Veronika Novotná

Personal information
- Born: 11 November 2000 (age 25) Příbram, Czech Republic

Sport
- Country: Czech Republic
- Sport: Modern pentathlon

Medal record
Women's modern pentathlon
Representing Czech Republic
European Championships
| Bronze medal – third place | 2022 Székesfehérvár | Relay |

= Veronika Novotná =

Czech modern pentathlete (born 2000)

Veronika Novotná (born 11 November 2000) is a Czech modern pentathlete.

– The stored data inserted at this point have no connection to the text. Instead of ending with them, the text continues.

theorem theorem2:
  fixes V :: "'v set" and E :: "'v set set" and Q R B :: "'v set"
    and h mbar :: nat and cs cr :: real and out :: "'v set \<times> 'v set"
  assumes "mssn_instance V E Q R B h"
    and "cs > 0" and "cr > 0"
    and "1 \<le> mbar" and "mbar < card Q"
    and "cs / cr \<ge> real mbar * (real mbar + 1) * (real h - 1)"
    and "feasible_instance E Q R B h"
    and "smart_select_output cs cr V E Q R B h out"
  shows "sol_cost cs cr out / opt_cost cs cr E Q R B h \<le>
    (let m = real (card Q);
         \<epsilon> = real_of_int \<lceil>m / (real mbar + 1)\<rceil> - m / (real mbar + 1)
     in max (\<epsilon> + m / real mbar) (m / 2 * (1 + 1 / (real mbar * (real mbar + 1)))))"
proof -
  interpret mssn V E Q R B h by (rule mssn.intro) fact
  define m where "m = real (card Q)"
  define M where "M = real mbar * (real mbar + 1)"
  define c where "c = real_of_int \<lceil>m / (real mbar + 1)\<rceil>"
  define OPT where "OPT = opt_cost cs cr E Q R B h"
  define G where "G = max (c - m / (real mbar + 1) + m / real mbar) (m / 2 * (1 + 1 / M))"
  have "Q \<noteq> {}" "M > 0" "m \<ge> 0" "G \<ge> 0"
    using assms(4,5) by (auto simp: m_def M_def G_def le_max_iff_disj)
  have price: "cr * (real h - 1) \<le> cs / M"
    using assms(3,6) \<open>M > 0\<close> unfolding M_def by (simp add: field_simps)
  then have relays: "cr * (real h - 1) * m \<le> cs / M * m"
    using \<open>m \<ge> 0\<close> by (rule mult_right_mono)
  have "cs \<le> OPT" and "2 * cs \<le> OPT \<or> (\<exists>bs\<in>B. srcs bs = Q)"
    using opt_cost_lower_bounds[OF assms(7) \<open>Q \<noteq> {}\<close>] assms(2,3) unfolding OPT_def by auto
  then have "sol_cost cs cr out \<le> G * OPT"
  proof (elim disjE bexE)
    assume "2 * cs \<le> OPT"
    have "sol_cost cs cr out \<le> cs * m + cs / M * m"
      using smart_select_cost_le_card[OF assms(8) \<open>Q \<noteq> {}\<close>] relays assms(2,3)
      unfolding m_def by fastforce
    also have "\<dots> = m / 2 * (1 + 1 / M) * (2 * cs)" by (simp add: field_simps)
    also have "\<dots> \<le> G * OPT"
      using \<open>2 * cs \<le> OPT\<close> assms(2) \<open>G \<ge> 0\<close> unfolding G_def by (intro mult_mono) auto
    finally show ?thesis .
  next
    fix bs assume "bs \<in> B" "srcs bs = Q"
    have "sol_cost cs cr out \<le> cs * c + cs / M * m"
      using smart_select_cost_le_universal_sink[OF assms(8) \<open>bs \<in> B\<close> \<open>srcs bs = Q\<close>, of mbar]
        price relays assms(2-4) \<open>Q \<noteq> {}\<close> unfolding c_def m_def M_def by fastforce
    also have "\<dots> = (c + m / M) * cs" by (simp add: algebra_simps)
    also have "m / M = m / real mbar - m / (real mbar + 1)"
      unfolding M_def using assms(4) by (intro divide_mult_succ) simp
    also have "(c + (m / real mbar - m / (real mbar + 1))) * cs \<le> G * OPT"
      using \<open>cs \<le> OPT\<close> assms(2) \<open>G \<ge> 0\<close> unfolding G_def
      by (intro mult_mono) (auto simp: algebra_simps le_max_iff_disj)
    finally show ?thesis .
  qed
  then show ?thesis
    using \<open>cs \<le> OPT\<close> assms(2)
    unfolding Let_def G_def c_def m_def M_def OPT_def by (simp add: pos_divide_le_eq)
qed

end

She was a bronze medalist at the 2022 European Championships and competed at the 2024 Paris Olympics.

==Life==
Novotná was born on 11 November 2000 in Příbram. She was a swimmer at PK Příbram before focusing on modern pentathlon.

==Career==
Novotná won silver at the 2022 Pentathlon World Cup Albena in Bulgaria in May 2022. She won bronze at the 2022 European Modern Pentathlon Championships in the women's relay alongside Karolina Křenková.

She reached the final of the 2024 World Modern Pentathlon Championships in Budapest. She placed fourth in the mixed relay at the 2024 European Championships in July 2024.

She qualified to compete at the 2024 Summer Olympics through her world ranking. In August 2024, she competed at the Games in Paris.